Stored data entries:
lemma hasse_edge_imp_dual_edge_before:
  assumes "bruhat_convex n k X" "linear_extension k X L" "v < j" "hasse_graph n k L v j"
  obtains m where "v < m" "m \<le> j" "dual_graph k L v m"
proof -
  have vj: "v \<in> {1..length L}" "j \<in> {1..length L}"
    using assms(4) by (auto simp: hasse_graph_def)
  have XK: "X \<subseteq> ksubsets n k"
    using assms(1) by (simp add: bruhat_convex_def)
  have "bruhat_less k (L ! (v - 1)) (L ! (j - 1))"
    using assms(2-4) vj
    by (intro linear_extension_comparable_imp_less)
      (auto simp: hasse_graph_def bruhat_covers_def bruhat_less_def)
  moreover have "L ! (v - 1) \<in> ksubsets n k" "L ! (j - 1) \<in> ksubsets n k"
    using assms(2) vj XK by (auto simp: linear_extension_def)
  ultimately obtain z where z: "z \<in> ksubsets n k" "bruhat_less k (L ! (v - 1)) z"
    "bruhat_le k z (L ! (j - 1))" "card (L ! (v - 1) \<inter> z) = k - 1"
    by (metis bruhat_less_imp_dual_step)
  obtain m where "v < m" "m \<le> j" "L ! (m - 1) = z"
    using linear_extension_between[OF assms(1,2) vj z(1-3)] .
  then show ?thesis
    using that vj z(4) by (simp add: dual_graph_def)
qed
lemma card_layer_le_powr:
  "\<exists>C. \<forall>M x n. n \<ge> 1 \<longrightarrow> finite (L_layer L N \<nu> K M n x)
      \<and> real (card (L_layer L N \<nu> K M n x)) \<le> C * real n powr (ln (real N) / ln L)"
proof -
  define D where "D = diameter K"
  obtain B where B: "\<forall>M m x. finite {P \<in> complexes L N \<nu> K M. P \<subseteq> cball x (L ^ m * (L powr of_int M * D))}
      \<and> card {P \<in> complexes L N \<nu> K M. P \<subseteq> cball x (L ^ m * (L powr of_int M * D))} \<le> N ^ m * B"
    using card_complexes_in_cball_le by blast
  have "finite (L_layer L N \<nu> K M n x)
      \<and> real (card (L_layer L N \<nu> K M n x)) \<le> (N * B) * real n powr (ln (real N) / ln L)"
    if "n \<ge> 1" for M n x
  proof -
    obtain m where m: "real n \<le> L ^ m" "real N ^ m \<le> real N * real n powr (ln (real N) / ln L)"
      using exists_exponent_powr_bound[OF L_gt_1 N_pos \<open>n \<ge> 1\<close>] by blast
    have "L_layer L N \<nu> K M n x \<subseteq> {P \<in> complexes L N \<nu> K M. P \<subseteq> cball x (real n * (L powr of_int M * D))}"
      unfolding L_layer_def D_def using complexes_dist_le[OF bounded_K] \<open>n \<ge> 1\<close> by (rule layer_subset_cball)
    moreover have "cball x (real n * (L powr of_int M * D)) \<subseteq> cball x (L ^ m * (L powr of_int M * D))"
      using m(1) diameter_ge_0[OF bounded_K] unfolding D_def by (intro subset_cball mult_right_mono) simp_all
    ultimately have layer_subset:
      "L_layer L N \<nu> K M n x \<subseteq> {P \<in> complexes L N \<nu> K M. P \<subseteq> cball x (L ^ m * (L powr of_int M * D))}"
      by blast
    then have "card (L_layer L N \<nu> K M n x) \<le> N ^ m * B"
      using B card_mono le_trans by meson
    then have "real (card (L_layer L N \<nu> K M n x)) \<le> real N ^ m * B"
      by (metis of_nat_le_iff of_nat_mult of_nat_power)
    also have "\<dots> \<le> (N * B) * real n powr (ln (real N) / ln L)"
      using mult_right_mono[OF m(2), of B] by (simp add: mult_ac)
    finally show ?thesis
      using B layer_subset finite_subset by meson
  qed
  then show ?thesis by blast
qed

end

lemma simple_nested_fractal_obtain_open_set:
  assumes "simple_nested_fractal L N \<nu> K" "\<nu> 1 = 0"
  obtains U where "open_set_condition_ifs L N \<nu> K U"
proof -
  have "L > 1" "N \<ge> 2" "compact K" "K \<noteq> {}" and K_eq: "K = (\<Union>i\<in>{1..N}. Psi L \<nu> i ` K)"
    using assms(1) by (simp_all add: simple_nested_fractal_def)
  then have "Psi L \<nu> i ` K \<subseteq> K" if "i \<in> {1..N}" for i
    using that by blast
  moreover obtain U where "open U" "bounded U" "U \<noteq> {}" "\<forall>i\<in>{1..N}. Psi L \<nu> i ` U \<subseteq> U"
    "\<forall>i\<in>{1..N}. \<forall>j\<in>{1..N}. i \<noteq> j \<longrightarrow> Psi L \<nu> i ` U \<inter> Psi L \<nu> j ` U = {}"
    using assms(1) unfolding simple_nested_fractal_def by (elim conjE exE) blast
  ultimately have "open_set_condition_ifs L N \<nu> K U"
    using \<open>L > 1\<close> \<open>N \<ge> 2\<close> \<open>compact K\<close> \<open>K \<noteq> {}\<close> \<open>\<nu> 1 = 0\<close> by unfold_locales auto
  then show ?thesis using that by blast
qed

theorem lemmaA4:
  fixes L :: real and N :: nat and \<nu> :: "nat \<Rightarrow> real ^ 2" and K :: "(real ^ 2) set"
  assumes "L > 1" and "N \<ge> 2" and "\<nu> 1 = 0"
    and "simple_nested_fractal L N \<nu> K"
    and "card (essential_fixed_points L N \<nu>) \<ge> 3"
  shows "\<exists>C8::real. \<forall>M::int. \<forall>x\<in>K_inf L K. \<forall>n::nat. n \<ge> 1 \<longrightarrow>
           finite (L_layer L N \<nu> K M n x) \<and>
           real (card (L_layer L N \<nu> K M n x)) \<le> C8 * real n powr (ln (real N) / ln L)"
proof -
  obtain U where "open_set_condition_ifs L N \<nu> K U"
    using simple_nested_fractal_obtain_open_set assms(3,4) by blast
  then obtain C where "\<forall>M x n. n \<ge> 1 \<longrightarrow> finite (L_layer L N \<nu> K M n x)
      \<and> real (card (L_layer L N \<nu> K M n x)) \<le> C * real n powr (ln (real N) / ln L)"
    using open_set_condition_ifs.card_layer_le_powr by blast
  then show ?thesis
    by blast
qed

# Task instructions
Of all the entries above, retype exactly the lines from the line with "using card_complexes_in_cball_le by blast" to the line with "i \<noteq> j", both included, and no others.

# Exercise answer
    using card_complexes_in_cball_le by blast
  have "finite (L_layer L N \<nu> K M n x)
      \<and> real (card (L_layer L N \<nu> K M n x)) \<le> (N * B) * real n powr (ln (real N) / ln L)"
    if "n \<ge> 1" for M n x
  proof -
    obtain m where m: "real n \<le> L ^ m" "real N ^ m \<le> real N * real n powr (ln (real N) / ln L)"
      using exists_exponent_powr_bound[OF L_gt_1 N_pos \<open>n \<ge> 1\<close>] by blast
    have "L_layer L N \<nu> K M n x \<subseteq> {P \<in> complexes L N \<nu> K M. P \<subseteq> cball x (real n * (L powr of_int M * D))}"
      unfolding L_layer_def D_def using complexes_dist_le[OF bounded_K] \<open>n \<ge> 1\<close> by (rule layer_subset_cball)
    moreover have "cball x (real n * (L powr of_int M * D)) \<subseteq> cball x (L ^ m * (L powr of_int M * D))"
      using m(1) diameter_ge_0[OF bounded_K] unfolding D_def by (intro subset_cball mult_right_mono) simp_all
    ultimately have layer_subset:
      "L_layer L N \<nu> K M n x \<subseteq> {P \<in> complexes L N \<nu> K M. P \<subseteq> cball x (L ^ m * (L powr of_int M * D))}"
      by blast
    then have "card (L_layer L N \<nu> K M n x) \<le> N ^ m * B"
      using B card_mono le_trans by meson
    then have "real (card (L_layer L N \<nu> K M n x)) \<le> real N ^ m * B"
      by (metis of_nat_le_iff of_nat_mult of_nat_power)
    also have "\<dots> \<le> (N * B) * real n powr (ln (real N) / ln L)"
      using mult_right_mono[OF m(2), of B] by (simp add: mult_ac)
    finally show ?thesis
      using B layer_subset finite_subset by meson
  qed
  then show ?thesis by blast
qed

end

lemma simple_nested_fractal_obtain_open_set:
  assumes "simple_nested_fractal L N \<nu> K" "\<nu> 1 = 0"
  obtains U where "open_set_condition_ifs L N \<nu> K U"
proof -
  have "L > 1" "N \<ge> 2" "compact K" "K \<noteq> {}" and K_eq: "K = (\<Union>i\<in>{1..N}. Psi L \<nu> i ` K)"
    using assms(1) by (simp_all add: simple_nested_fractal_def)
  then have "Psi L \<nu> i ` K \<subseteq> K" if "i \<in> {1..N}" for i
    using that by blast
  moreover obtain U where "open U" "bounded U" "U \<noteq> {}" "\<forall>i\<in>{1..N}. Psi L \<nu> i ` U \<subseteq> U"
    "\<forall>i\<in>{1..N}. \<forall>j\<in>{1..N}. i \<noteq> j \<longrightarrow> Psi L \<nu> i ` U \<inter> Psi L \<nu> j ` U = {}"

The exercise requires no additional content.